Tengo que recomendaros encarecidamente algo, y como diría mi Musa Mexicana, debéis partir de una premisa: “yo siempre tengo razón”.
Claro que cuando ella lo dice no me atrevo a llevarle la contraria. Primero porque la suele tener, y segundo porque no quisiera sufrir su Furia Azteca en mis carnes.
Pero a lo que iba. La otra noche PITICLI y yo fuimos a la cena SENZACIONARIUM, un espectáculo global que no deja a nadie indiferente. Ya sabíamos que nos pondrían un antifaz; que cenaríamos sin ver nada; que el equipo lo componen cantantes, actores, tragafuegos, etc.; que durante las tres horas de espectáculo estimulan todos tus sentidos… ¡pero la experiencia sobrepasó nuestras expectativas! No sólo es la cena, sino también el camino a la mesa,
los actores interactuando con los comensales, los efectos olfativos…
Me gustaría poderos dar más detalles, pero es que hay que ir y probarlo personalmente.
Yo tenía miedo de agobiarme por la oscuridad, pero lo cierto es que incluso se me hizo corto. ¡Cuando llegó el momento de quitarse los antifaces queríamos más!
Esta experiencia me hizo pensar en la búsqueda de sensaciones tan característica de los seres humanos. En algunos casos, esta búsqueda es tan extrema
que incluso existe un perfil de paciente llamado “sensation seeker”, que no veáis la de quebraderos de cabeza que generan.
Puede que por el efecto de tanto peso de la mente y lo racional, al final lo que necesitamos es poder “desconectar” y centrarnos en otras esferas de vez en cuando.
Seguramente de ahí el éxito de los deportes de riesgo, las atracciones extremas en los parques de atracciones, las performances radicales…
Cosas que nos hagan sentir más vivos por unos instantes.
Personalmente, como buen tauro y miedoso, siempre me han dado cierto
respeto todas esas cosas “al límite”. Incluso lo paso mal en algunas atracciones de feria. Tengo la tolerancia a las mismas de una Chica de Oro.
Recuerdo una vez en la que fui de monitor con un grupo de chicos con discapacidad a un parque de atracciones. Querían montarse en la barca vikinga y allí que los subimos. Yo me monté junto a ellos para controlar. En un momento dado, con el artilugio del infierno en marcha, empiezo a oír los gritos de uno de los pasajeros:
- “¡paren la barca, que el chico se marea!”
Yo venga mirar a todos lados, buscando si alguno de los chicos se estaba encontrando mal, pero no vi nada.
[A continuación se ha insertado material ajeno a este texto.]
(* Fix $\epsilon_2>0$ and $(u_\pm,v_\pm)$ with $v_\pm>0$ and $u_->u_++2\epsilon_2$, and for small $\epsilon_1>0$ let $(u_*^{\epsilon_2},v_*^{\epsilon_2})$ and $\sigma_1^{\epsilon_2},\sigma_2^{\epsilon_2}$ be the intermediate state and shock speeds of the two-shock Riemann solution. Then $$\lim_{\epsilon_1\to0}u_*^{\epsilon_2}=\frac{u_-+u_+}{2}+\epsilon_2,\qquad \lim_{\epsilon_1\to0}\sigma_1^{\epsilon_2}=\lim_{\epsilon_1\to0}\sigma_2^{\epsilon_2}=\frac{u_-+u_+}{2}.$$
   Context: Perturbed Brio system: $u_t+(\tfrac12u^2+\tfrac12\epsilon_1v^2)_x=0$, $v_t+(uv-\epsilon_2v)_x=0$, $\epsilon_1,\epsilon_2>0$, $v>0$. The two-shock intermediate state $(u_*,v_* )$ satisfies $v_*>\max(v_-,v_+)$, $u_+<u_*<u_-$, $$u_*=u_-+(v_*-v_-)\frac{\epsilon_2-\sqrt{\epsilon_2^2+4\epsilon_1(v_*+v_-)^2}}{v_*+v_-},\qquad u_+=u_*+(v_+-v_* )\frac{\epsilon_2+\sqrt{\epsilon_2^2+4\epsilon_1(v_*+v_+)^2}}{v_*+v_+},$$ with shock speeds $\sigma_1=u_-+\frac{v_*(u_*-u_-)}{v_*-v_-}-\epsilon_2$, $\sigma_2=u_++\frac{v_*(u_+-u_* )}{v_+-v_*}-\epsilon_2$. *)

theory Defs
  imports Complex_Main
begin

definition two_shock_state ::
  "real \<Rightarrow> real \<Rightarrow> real \<Rightarrow> real \<Rightarrow> real \<Rightarrow> real \<Rightarrow> real \<Rightarrow> real \<Rightarrow> bool" where
  "two_shock_state e1 e2 um vm up vp us vs \<longleftrightarrow>
     vs > max vm vp \<and> up < us \<and> us < um \<and>
     us = um + (vs - vm) * (e2 - sqrt (e2\<^sup>2 + 4 * e1 * (vs + vm)\<^sup>2)) / (vs + vm) \<and>
     up = us + (vp - vs) * (e2 + sqrt (e2\<^sup>2 + 4 * e1 * (vs + vp)\<^sup>2)) / (vs + vp)"

definition shock_speed1 :: "real \<Rightarrow> real \<Rightarrow> real \<Rightarrow> real \<Rightarrow> real \<Rightarrow> real" where
  "shock_speed1 e2 um vm us vs = um + vs * (us - um) / (vs - vm) - e2"

definition shock_speed2 :: "real \<Rightarrow> real \<Rightarrow> real \<Rightarrow> real \<Rightarrow> real \<Rightarrow> real" where
  "shock_speed2 e2 up vp us vs = up + vs * (up - us) / (vp - vs) - e2"

end

theory Submission
  imports Defs
begin

text \<open>As \<open>e1 \<rightarrow> 0\<close> the middle density \<open>v\<^sub>*\<close> blows up like \<open>1 / \<surd>e1\<close>, but slowly enough
  that \<open>e1 v\<^sub>* \<rightarrow> 0\<close>: the total jump \<open>u\<^sub>- - u\<^sub>+ > 2 e2\<close> is at most \<open>2 e2 + 8 \<surd>e1 v\<^sub>*\<close>, and
  the right jump alone is at least \<open>2 \<surd>e1 (v\<^sub>* - v\<^sub>+)\<close>. Consequently the factors
  \<open>(v\<^sub>* - v\<^sub>\<plusminus>)/(v\<^sub>* + v\<^sub>\<plusminus>)\<close> in the two Hugoniot relations tend to 1, and the two square roots
  \<open>\<surd>(e2\<^sup>2 + 4 e1 (v\<^sub>* + v\<^sub>\<plusminus>)\<^sup>2)\<close> merge, their difference being \<open>O(e1 v\<^sub>*)\<close>. Hence the right
  jump \<open>u\<^sub>* - u\<^sub>+\<close> exceeds the left jump \<open>u\<^sub>- - u\<^sub>*\<close> by \<open>2 e2\<close> in the limit; as the two jumps
  add up to \<open>u\<^sub>- - u\<^sub>+\<close>, this determines \<open>lim u\<^sub>*\<close>, and the speeds follow since
  \<open>v\<^sub>*/(v\<^sub>* - v\<^sub>\<plusminus>) \<rightarrow> 1\<close>.\<close>

definition shock_root :: "real \<Rightarrow> real \<Rightarrow> real \<Rightarrow> real" where
  "shock_root e1 e2 w = sqrt (e2\<^sup>2 + 4 * e1 * w\<^sup>2)"

lemma shock_root_eq_sqrt_sum_squares:
  assumes "0 \<le> e1"
  shows "shock_root e1 e2 w = sqrt (e2\<^sup>2 + (2 * sqrt e1 * w)\<^sup>2)"
  using assms by (simp add: shock_root_def power_mult_distrib)

lemma shock_root_ge:
  assumes "0 \<le> e1"
  shows "e2 \<le> shock_root e1 e2 w"
  using assms by (simp add: shock_root_eq_sqrt_sum_squares)

lemma shock_root_ge_linear:
  assumes "0 \<le> e1"
  shows "2 * sqrt e1 * w \<le> shock_root e1 e2 w"
  using assms by (simp add: shock_root_eq_sqrt_sum_squares)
Y la persona seguía:
- “¡paren, paren, que se está poniendo blanco!”
Y yo que no era capaz de detectar a nadie en tal situación. Pues bien, como podréis imaginar, esa persona era yo.
Pararon la barca y me tuvieron que tumbar en uno de los bancos del parque con las piernas hacia arriba, custodiado por varios chicos con discapacidad física y mental. Algo así como la nueva versión de Blancanieves.
Así que cuando alguien me propone subir al “Dragón Khan”, por supuesto me quedo abajo aguantando las chaquetas.
Otras personas son más de buscar las emociones fuertes en las relaciones, especialmente de pareja. Si no, no entiendo cómo siguen juntas algunas que se pasan el día gritándose o/y odiándose en público.
A colación me viene a la mente una anécdota que me contaba mi maravillosa Musa Tímida. Según explicó, hace unos días invitaron a comer a su casa a una pareja de amigos con su hijo.
Mi Musa dice que la pareja es un tanto peculiar: ella con pinta de “mujer de armas tomar” y él de “primitivo-poca-cosa”.
Total, que después de comer, pusieron a los niños a pintar. Dado que la hija de mi Musa cogió el único pincel que había, la amiga, de forma muy natural, y puesto que su hijo también quería pintar, le pidió a Musa Tímida si tenía una cañita, celo, y unas tijeras.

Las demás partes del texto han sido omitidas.